Actor naturalista por excelência, considerado como a personalidade teatral mais proeminente da sua geração, foi intérprete incomparável de Bernstein, Bataille, Niccodemi, entre muitos outros autores, e trouxe para os palcos portugueses alguns dramaturgos nunca representados até então entre nós, como Pirandello, Lenormand e o nosso Raul Brandão. Os primeiros vinte anos da carreira de Alves da Cunha foram verdadeiramente empolgantes, tendo atingido o seu apogeu em 1932. 

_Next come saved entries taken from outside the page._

lemma has_field_derivative_cmonomial_line:
  "((\<lambda>s. \<Prod>j\<in>UNIV. (w$j + s * v$j)^(n j) * (cnj (w$j) + s * cnj (v$j))^(m j))
     has_field_derivative cmonomial_deriv n m w v) (at 0)"
proof -
  define R where "R = (\<lambda>j. \<Prod>i\<in>UNIV-{j}. (w$i)^(n i) * cnj (w$i)^(m i))"
  define D where "D = (\<lambda>j. of_nat (n j) * (w$j)^(n j - 1) * v$j * cnj (w$j)^(m j)
                        + (w$j)^(n j) * (of_nat (m j) * cnj (w$j)^(m j - 1) * cnj (v$j)))"
  have "((\<lambda>s. (w$j + s * v$j)^(n j) * (cnj (w$j) + s * cnj (v$j))^(m j)) has_field_derivative D j) (at 0)"
    for j
    unfolding D_def by (auto intro!: derivative_eq_intros)
  from has_field_derivative_prod[of UNIV, OF this]
  have "((\<lambda>s. \<Prod>j\<in>UNIV. (w$j + s * v$j)^(n j) * (cnj (w$j) + s * cnj (v$j))^(m j))
     has_field_derivative (\<Sum>j\<in>UNIV. D j * R j)) (at 0)"
    by (simp add: R_def)
  moreover have "(\<Sum>j\<in>UNIV. D j * R j) = cmonomial_deriv n m w v"
    unfolding cmonomial_deriv_def
  proof (intro sum.cong refl)
    fix j
    show "D j * R j = of_nat (n j) * v$j * cmonomial (n(j := n j - 1)) m w
                    + of_nat (m j) * cnj (v$j) * cmonomial n (m(j := m j - 1)) w"
      using cmonomial_fun_upd[of n j "n j - 1" m "m j" w] cmonomial_fun_upd[of n j "n j" m "m j - 1" w]
      by (simp add: D_def R_def algebra_simps)
  qed
  ultimately show ?thesis
    by simp
qed

lemma has_vector_derivative_cmonomial_gauss_line:
  "((\<lambda>t. cmonomial n m (w + t *\<^sub>R v) * exp (- herm_form A (w + t *\<^sub>R v)))
     has_vector_derivative
       ((cmonomial_deriv n m w v - cmonomial n m w * herm_form_deriv A w v) * exp (- herm_form A w)))
   (at 0)"
proof -
  define P where "P = (\<lambda>s. \<Prod>j\<in>UNIV. (w$j + s * v$j)^(n j) * (cnj (w$j) + s * cnj (v$j))^(m j))"
  define \<Psi> where
    "\<Psi> = (\<lambda>s. P s * exp (- (herm_form A w + s * herm_form_deriv A w v + s\<^sup>2 * herm_form A v)))"
  have "P 0 = cmonomial n m w"
    by (simp add: P_def cmonomial_def)
  moreover have "(P has_field_derivative cmonomial_deriv n m w v) (at 0)"
    unfolding P_def by (rule has_field_derivative_cmonomial_line)
  ultimately have "(\<Psi> has_field_derivative
      (cmonomial_deriv n m w v - cmonomial n m w * herm_form_deriv A w v) * exp (- herm_form A w)) (at 0)"
    unfolding \<Psi>_def by (auto intro!: derivative_eq_intros simp: algebra_simps)
  then have "((\<lambda>t. \<Psi> (of_real t)) has_vector_derivative
      (cmonomial_deriv n m w v - cmonomial n m w * herm_form_deriv A w v) * exp (- herm_form A w)) (at 0)"
    using has_vector_derivative_real_field[of \<Psi> _ 0] by simp
  moreover have "\<Psi> (of_real t) = cmonomial n m (w + t *\<^sub>R v) * exp (- herm_form A (w + t *\<^sub>R v))" for t
    unfolding \<Psi>_def P_def cmonomial_def vec_add_scaleR_nth herm_form_add_scaleR by simp
  ultimately show ?thesis
    by simp
qed

lemma poly_growth_cmonomial: "poly_growth (cmonomial n m)"
  unfolding cmonomial_def by (intro poly_growth_prod poly_growth_mult poly_growth_power
      poly_growth_nth poly_growth_cnj) auto

lemma continuous_on_cmonomial [continuous_intros]: "continuous_on X (cmonomial n m)"
  unfolding cmonomial_def by (intro continuous_intros)

lemma poly_growth_cmonomial_deriv: "poly_growth (\<lambda>z. cmonomial_deriv n m z v)"
  unfolding cmonomial_deriv_def
  by (intro poly_growth_sum poly_growth_add poly_growth_mult poly_growth_const poly_growth_cmonomial) auto

lemma continuous_on_cmonomial_deriv [continuous_intros]: "continuous_on X (\<lambda>z. cmonomial_deriv n m z v)"
  unfolding cmonomial_deriv_def by (intro continuous_intros)

lemma poly_growth_herm_form_deriv: "poly_growth (\<lambda>z. herm_form_deriv A z v)"
  unfolding herm_form_deriv_def
  by (intro poly_growth_sum poly_growth_add poly_growth_mult poly_growth_const poly_growth_nth
      poly_growth_cnj) auto

lemma continuous_on_herm_form_deriv [continuous_intros]: "continuous_on X (\<lambda>z. herm_form_deriv A z v)"
  unfolding herm_form_deriv_def by (intro continuous_intros)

Nesse ano, o actor ingressou no elenco da companhia Amélia Rey Colaço-Robles Monteiro para uma gloriosa digressão ao Brasil, e, no regresso, fixou-se nos seus quadros residentes. Nesta sua primeira passagem por aquela companhia, que durou pouco mais de dois anos, Alves da Cunha criou personagens memoráveis em peças como “As Duas Causas”, que mais tarde interpretaria também no cinema, “Frei Luís de Sousa” e “A Dama das Camélias”, entre muitas outras. 
Mas foi na companhia Rosas & Brazão, na temporada 1914-1915, que o ator teve ocasião de pôr à prova pela primeira vez as potencialidades do seu talento. Com o seu estatuto de grande actor já consolidado, Alves da Cunha formou companhia com a sua mulher, a actriz Berta de Bivar, mas não foi muito feliz nessa tremenda aventura de empresário. Arrostou grandes dificuldades, de que se queixava vezes amiúde. Chegou até a não ter palco para representar, como referiu numa carta enviada para o jornal Diário de Lisboa. «Parece mentira, mas é verdade: não tenho casa para trabalhar» - escreveu Alves da Cunha. 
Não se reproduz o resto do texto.